The Paleogene Red Bed in the South Slope of the Dongying Depression is a set of red clastic sediments of the lower section of 4th member of the Shahejie Formation and the Kongdian Formation, and is the alternative strata for oil and gas exploration in this area. The Red Bed crude oil of the South Slope of the Dongying Depression is divided into four types according to the assemblage characteristics of biomarkers from 17 oil sand samples and 3 crude oil samples. The Type I crude oil is generated from the source rocks of the lower section of 3rd member of the Shahejie Formation, with low phytane and gammacerane concentration, Ph/n-C18<0.6, relatively high ratios of Ts/(Ts+Tm) (>0.38) and hopanes/steranes (>3.4), high diasteranes concentration, and low C35 homohopane index.
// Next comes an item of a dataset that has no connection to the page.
(* Let $p,q$ be non-zero coprime integers, and let $1\le k\le |p|-1$, $1\le l\le |q|-1$. Let $z_{ij}\in\mathbb{C}$ ($0\le i\le |q|$, $0\le j\le |p|-1$) be the coordinate of the vertex $v^{|p|,k}_{[i+j+1]}$ of the moving polygon after the $i$-th step of the $(|p|,k;|q|,l)$-trochoid (the $0$-th step being the initial position). Then (i) $z_{i0}=z_{i+1,|p|-1}$ for $0\le i\le |q|-1$; (ii) the rotation about $z_{i0}$ by angle $\theta(|p|,k;|q|,l)$ sends $z_{ij}$ to $z_{i+1,j-1}$ for $0\le i\le|q|-1$, $1\le j\le |p|-1$; (iii) $z_{|q|j}=z_{0j}$ for $0\le j\le|p|-1$; and not all $z_{ij}$ are equal. Consequently, $a_{ij}\mapsto (z_{ij},e^{\theta(|p|,k;|q|,l)\sqrt{-1}})$ is a non-trivial $\mathrm{Rot}(\mathbb{E}^2)$-coloring of the standard diagram $D(p,q)$ of the $(p,q)$-torus knot, with all rotation angles equal to $\theta(|p|,k;|q|,l)$.
   Context: $\mathrm{Rot}(\mathbb{E}^2)=\mathbb{C}\times\mathrm{U}(1)$ with $(z,e^{\theta\sqrt{-1}})\ast(w,e^{\eta\sqrt{-1}})=((z-w)e^{\eta\sqrt{-1}}+w,e^{\theta\sqrt{-1}})$, i.e. the quandle of rotations of the plane, $(z,e^{\theta\sqrt{-1}})$ being the rotation about $z$ by $\theta$; a coloring of a diagram assigns quandle elements to arcs so that at each crossing (outgoing under arc) $=$ (incoming under arc) $\ast$ (over arc) for the appropriate orientation convention; constant colorings are trivial. Regular polygons: for $m\ge2$ let $v^m_0,\dots,v^m_{m-1}$ be the vertices, in counterclockwise order, of a convex regular $m$-gon in $\mathbb{C}$; for $1\le k\le m-1$ put $v^{m,k}_i=v^m_{[ik]}$, where $[r]\in\{0,\dots,m-1\}$ is the residue of $r$ mod $m$, and let $\Pi(m,k)$ be the (possibly degenerate, star) polygon joining $v^{m,k}_{[i]}$ to $v^{m,k}_{[i+1]}$ for all $i$. For $m,n\ge2$, $1\le k\le m-1$, $1\le l\le n-1$ set $\theta(m,k;n,l)=\bigl(\frac{m-2k}{m}-\frac{n-2l}{n}\bigr)\pi$. The $(m,k;n,l)$-trochoid: take $\Pi(m,k)$ and $\Pi(n,l)$ with equal side lengths, placed so that $v^{m,k}_{[0]}=v^{n,l}_{[0]}$ and $v^{m,k}_{[1]}=v^{n,l}_{[1]}$. Keeping $\Pi(n,l)$ fixed, at the $i$-th step ($i=1,2,\dots$) rotate $\Pi(m,k)$ about its vertex $v^{m,k}_{[i]}$ (which then coincides with $v^{n,l}_{[i]}$, indices of $\Pi(n,l)$ taken mod $n$) by angle $\theta(m,k;n,l)$; after this step $v^{m,k}_{[i+1]}$ coincides with $v^{n,l}_{[i+1]}$. Explicitly, with $u_j=v^{n,l}_{[j]}$, $d=u_1-u_0$, $\omega=e^{2\pi k\sqrt{-1}/m}$, $\zeta=e^{2\pi l\sqrt{-1}/n}$, one has $u_{j+1}-u_j=d\zeta^j$, and after the $i$-th step the vertex $v^{m,k}_{[i+j+1]}$ of the moving polygon is at $u_i+d\zeta^i(1+\omega+\dots+\omega^j)$ for $0\le j\le m-1$. The diagram $D(p,q)$: a diagram of the $(p,q)$-torus knot (closed $|p|$-strand braid diagram with $|q|$ blocks) whose arcs are labelled $a_{ij}$, $0\le i\le |q|$, $0\le j\le|p|-1$, with $a_{i0}$ and $a_{i+1,|p|-1}$ denoting the same arc and $a_{|q|j}$, $a_{0j}$ denoting the same arc; in the $i$-th block the arc $a_{i0}$ passes over the strands, and for $1\le j\le|p|-1$ there is a crossing with over arc $a_{i0}$, incoming under arc $a_{ij}$ and outgoing under arc $a_{i+1,j-1}$, whose coloring condition reads $\mathrm{color}(a_{i+1,j-1})=\mathrm{color}(a_{ij})\ast\mathrm{color}(a_{i0})$. *)

theory Defs
  imports "HOL-Analysis.Analysis"
begin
The Type II crude oil could be derived from the source rocks of the upper section of 4th member of the Shahejie Formation with abnormal high phytane and gammacerane concentration, Ph/n-C181, relatively low ratios of Ts/(Ts+Tm) (<0.38) and hopanes/steranes (<2.5), low diasteranes concentration, and high C35 homohopane index. The Type III crude oil is mixed oil consisting of the Type II crude oil charged in the early stage and the Type I crude oil charged in the late stage and mainly of the Type I crude oil. The Type IV crude oil is characterized by C29 sterane predominance and this feature has not been found in the crude oils and source rocks of the study area, therefore this type of oil is identified as a mixture of the Type II crude oil and an oil type from a shallow lake-swamp facies. The fault throw of oil transporting faults controls the distribution of crude oils with different genetic types, and the upthrown side of the faults is the favorable zone for the Red Bed oil and gas accumulation.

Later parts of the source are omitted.